Elimination of Schistosomiasis as a Public Health Problem. Experiences on reaching the goal and what to do next from endemic countries.
COR NTD and the Global Schistosomiasis Alliance (GSA) are pleased to announce a pre-meeting session:
"Elimination of Schistosomiasis as a Public Health Problem – Experiences on reaching the goal and what to do next from endemic countries."
- Date: October 7, 2020
- Time: 07:00 EDT (Atlanta)/ 11:00 GMT / 12:00 BST (UK) / 13:00 CAT (Malawi) / 14:00 EAT (Ethiopia and Tanzania)
Session Aim:
In 2013 the WHO published thresholds for achieving control of morbidity as less than 5% prevalence of heavy intensity and less than 1% prevalence of heavy intensity for achieving elimination as a public health problem (EPHP) for schistosomiasis. This latter threshold has been maintained within the WHO’s 2030 Roadmap but with the caveat that, a critical action is to ‘Define (an) indicator for measuring morbidity towards elimination as a public health problem’. Published evidence (Deol et al 2019, Weigand et al (to be submitted) and SCORE) observes that where NTD programmes are reaching this EPHP threshold there could still be significant morbidity within communities. In addition, the correlation between intensity (which goals are based on) and prevalence (which preventive chemotherapy (PC) decisions are based on) is not clear, especially after multiple rounds of PC .
The session will provide the opportunity for NTD programmes in Ethiopia, Malawi and Tanzania to share evidence on achieving EPHP for schistosomiasis and what their current intervention decisions are when the target has been achieved.
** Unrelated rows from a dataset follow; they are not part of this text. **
section \<open>Leftmost and rightmost parts of a weighted row\<close>

lemma exists_quantile_cut:
  fixes g :: "'a \<Rightarrow> int" and m :: "'a \<Rightarrow> real"
  assumes "finite R" and "0 < s" and "s \<le> (\<Sum>a\<in>R. m a)"
  obtains c where "c \<in> R" "(\<Sum>a\<in>{a\<in>R. g a < g c}. m a) < s" "s \<le> (\<Sum>a\<in>{a\<in>R. g a \<le> g c}. m a)"
proof -
  define C where "C = {c\<in>R. s \<le> (\<Sum>a\<in>{a\<in>R. g a \<le> g c}. m a)}"
  have "finite C" using \<open>finite R\<close> unfolding C_def by simp
  have "R \<noteq> {}" using assms(2,3) by auto
  define top where "top = arg_min_on (\<lambda>a. - g a) R"
  have "top \<in> R" and top: "\<forall>a\<in>R. g a \<le> g top"
    using arg_min_if_finite[OF \<open>finite R\<close> \<open>R \<noteq> {}\<close>, of "\<lambda>a. - g a"] unfolding top_def by auto
  then have "{a\<in>R. g a \<le> g top} = R" by blast
  then have "top \<in> C" using \<open>top \<in> R\<close> assms(3) unfolding C_def by simp
  then have "C \<noteq> {}" by blast
  define c where "c = arg_min_on g C"
  have "c \<in> C" and least: "\<forall>c'\<in>C. g c \<le> g c'"
    using arg_min_if_finite[OF \<open>finite C\<close> \<open>C \<noteq> {}\<close>, of g] unfolding c_def by auto
  have "(\<Sum>a\<in>{a\<in>R. g a < g c}. m a) < s"
  proof (rule ccontr)
    let ?L = "{a\<in>R. g a < g c}"
    assume "\<not> (\<Sum>a\<in>?L. m a) < s"
    then have heavy: "s \<le> (\<Sum>a\<in>?L. m a)" by simp
    then have "?L \<noteq> {}" using \<open>0 < s\<close> by (cases "?L = {}") auto
    define c' where "c' = arg_min_on (\<lambda>a. - g a) ?L"
    have "c' \<in> ?L" and c': "\<forall>a\<in>?L. g a \<le> g c'"
      using arg_min_if_finite[of ?L "\<lambda>a. - g a"] \<open>finite R\<close> \<open>?L \<noteq> {}\<close> unfolding c'_def by auto
    then have "{a\<in>R. g a \<le> g c'} = ?L" using c' by force
    then have "c' \<in> C" using \<open>c' \<in> ?L\<close> heavy unfolding C_def by simp
    then have "g c \<le> g c'" using least by blast
    then show False using \<open>c' \<in> ?L\<close> by simp
  qed
  moreover have "c \<in> R" "s \<le> (\<Sum>a\<in>{a\<in>R. g a \<le> g c}. m a)" using \<open>c \<in> C\<close> unfolding C_def by auto
  ultimately show thesis using that by blast
qed

lemma lowest_mass_selection:
  fixes g :: "'a \<Rightarrow> int" and m :: "'a \<Rightarrow> real"
  assumes "finite R" and "inj_on g R" and nonneg: "\<forall>a\<in>R. 0 \<le> m a"
    and "0 < s" and "s \<le> (\<Sum>a\<in>R. m a)"
  obtains \<rho> c where "\<forall>a\<in>R. 0 \<le> \<rho> a \<and> \<rho> a \<le> m a" "(\<Sum>a\<in>R. \<rho> a) = s"
    "(\<Sum>a\<in>R. \<rho> a * of_int (g a)) = s * of_int c - (\<Sum>a\<in>R. m a * of_int (max 0 (c - g a)))"
proof -
  obtain a1 where "a1 \<in> R" and below: "(\<Sum>a\<in>{a\<in>R. g a < g a1}. m a) < s"
    and upto: "s \<le> (\<Sum>a\<in>{a\<in>R. g a \<le> g a1}. m a)"
    using exists_quantile_cut[OF assms(1,4,5)] by blast
  define c where "c = g a1"
  define l where "l = (\<Sum>a\<in>{a\<in>R. g a < c}. m a)"
  have "{a\<in>R. g a \<le> c} = insert a1 {a\<in>R. g a < c}"
    using \<open>a1 \<in> R\<close> \<open>inj_on g R\<close> unfolding c_def inj_on_def by fastforce
  then have "s - l \<le> m a1" using upto \<open>finite R\<close> unfolding c_def l_def by simp
  define \<rho> where "\<rho> a = (if g a < c then m a else if a = a1 then s - l else 0)" for a
  have bounds: "\<forall>a\<in>R. 0 \<le> \<rho> a \<and> \<rho> a \<le> m a"
    using nonneg below \<open>s - l \<le> m a1\<close> unfolding \<rho>_def c_def l_def by auto
  have sums: "(\<Sum>a\<in>R. \<rho> a * f a) = (\<Sum>a\<in>{a\<in>R. g a < c}. m a * f a) + (s - l) * f a1" for f
  proof -
    have "(\<Sum>a\<in>R. \<rho> a * f a)
        = (\<Sum>a\<in>R. (if g a < c then m a * f a else 0) + (if a = a1 then (s - l) * f a else 0))"
      by (intro sum.cong) (auto simp: \<rho>_def c_def)
    then show ?thesis using \<open>finite R\<close> \<open>a1 \<in> R\<close> by (simp add: sum.distrib sum.inter_filter)
  qed
  have "(\<Sum>a\<in>R. \<rho> a) = s"
    using sums[of "\<lambda>_. 1"] unfolding l_def by simp
  moreover have "(\<Sum>a\<in>R. \<rho> a * of_int (g a)) = s * of_int c - (\<Sum>a\<in>R. m a * of_int (max 0 (c - g a)))"
  proof -
    have "(\<Sum>a\<in>R. m a * of_int (max 0 (c - g a))) = (\<Sum>a\<in>{a\<in>R. g a < c}. m a * of_int (c - g a))"
      using \<open>finite R\<close> by (simp add: sum.inter_filter) (intro sum.cong, auto)
    also have "\<dots> = of_int c * l - (\<Sum>a\<in>{a\<in>R. g a < c}. m a * of_int (g a))"
      unfolding l_def by (simp add: right_diff_distrib sum_subtractf sum_distrib_left mult.commute)
    finally show ?thesis using sums[of "\<lambda>a. of_int (g a)"] unfolding c_def by (simp add: algebra_simps)
  qed
  ultimately show thesis using bounds by (intro that)
qed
WHO 2019 fact sheets indicate population requiring MDA in Ethiopia, Malawi and Tanzania is 13,517,476; 9,677,847; 14,736,305, respectively, however it is unclear what proportion of this population have no acute or reversible schistosomiasis related morbidity. Are the current intervention decisions in these three endemic countries to maintain ‘business as usual’ annual/biennial/triennial PC based on prevalence; or are these countries adapting PC and other interventions having reached the EPHP threshold?
The session will then aim to generate, from a programme perspective, what the main facilitators and barriers are to make these post-EPHP-target intervention decisions. The session will then formulate the key operational research questions on what interventions are required to maintain these achievements, what more is required to reduce morbidity further and what is required should countries choose to proceed to interruption of transmission? It also will enable development of OR questions from programmatic perspective hence feed an M&E framework.
Agenda:
Part 1 Talks (60 mins):
- Welcome and overview (Upendo Mwingira, Fiona Fleming, Chelsea Toledo – 5 min)
- Pauline Mwinzi: : SCH 2030 Roadmap indicators and regional progress, (WHO/ESPEN) (10 min)
- Lazarus Juziwelo: Reaching, maintaining and going beyond the EPHP goal for Schistosomiasis in Malawi (10 min)
- Fikre Seife: Reaching, maintaining and going beyond the EPHP goal for Schistosomiasis in Ethiopia (10 min)
- Dennis Kailembo: Reaching, maintaining and going beyond the EPHP goal for Schistosomiasis in Tanzania (10 min)
- Charlie King: Challenges of using intensity of infection as a measurement of EPHP (10min)
Part 2 Parallel break-out discussions (40 mins):
- Group A - What is EPHP and what do you do once you have achieved the target (as it is currently defined)? What are the OR questions that need to be addressed?
- Group B - What intervention strategies are required for communities where EPHP (as it is currently defined) has not been achieved e.g. where prevalence may be low but there are still high infection intensities? What are the OR questions that need to be addressed?
Part 3 Final Plenary (20 mins):
Return from break-out groups into main group and report by chairs and rapporteurs of discussion results and key operational research questions identified.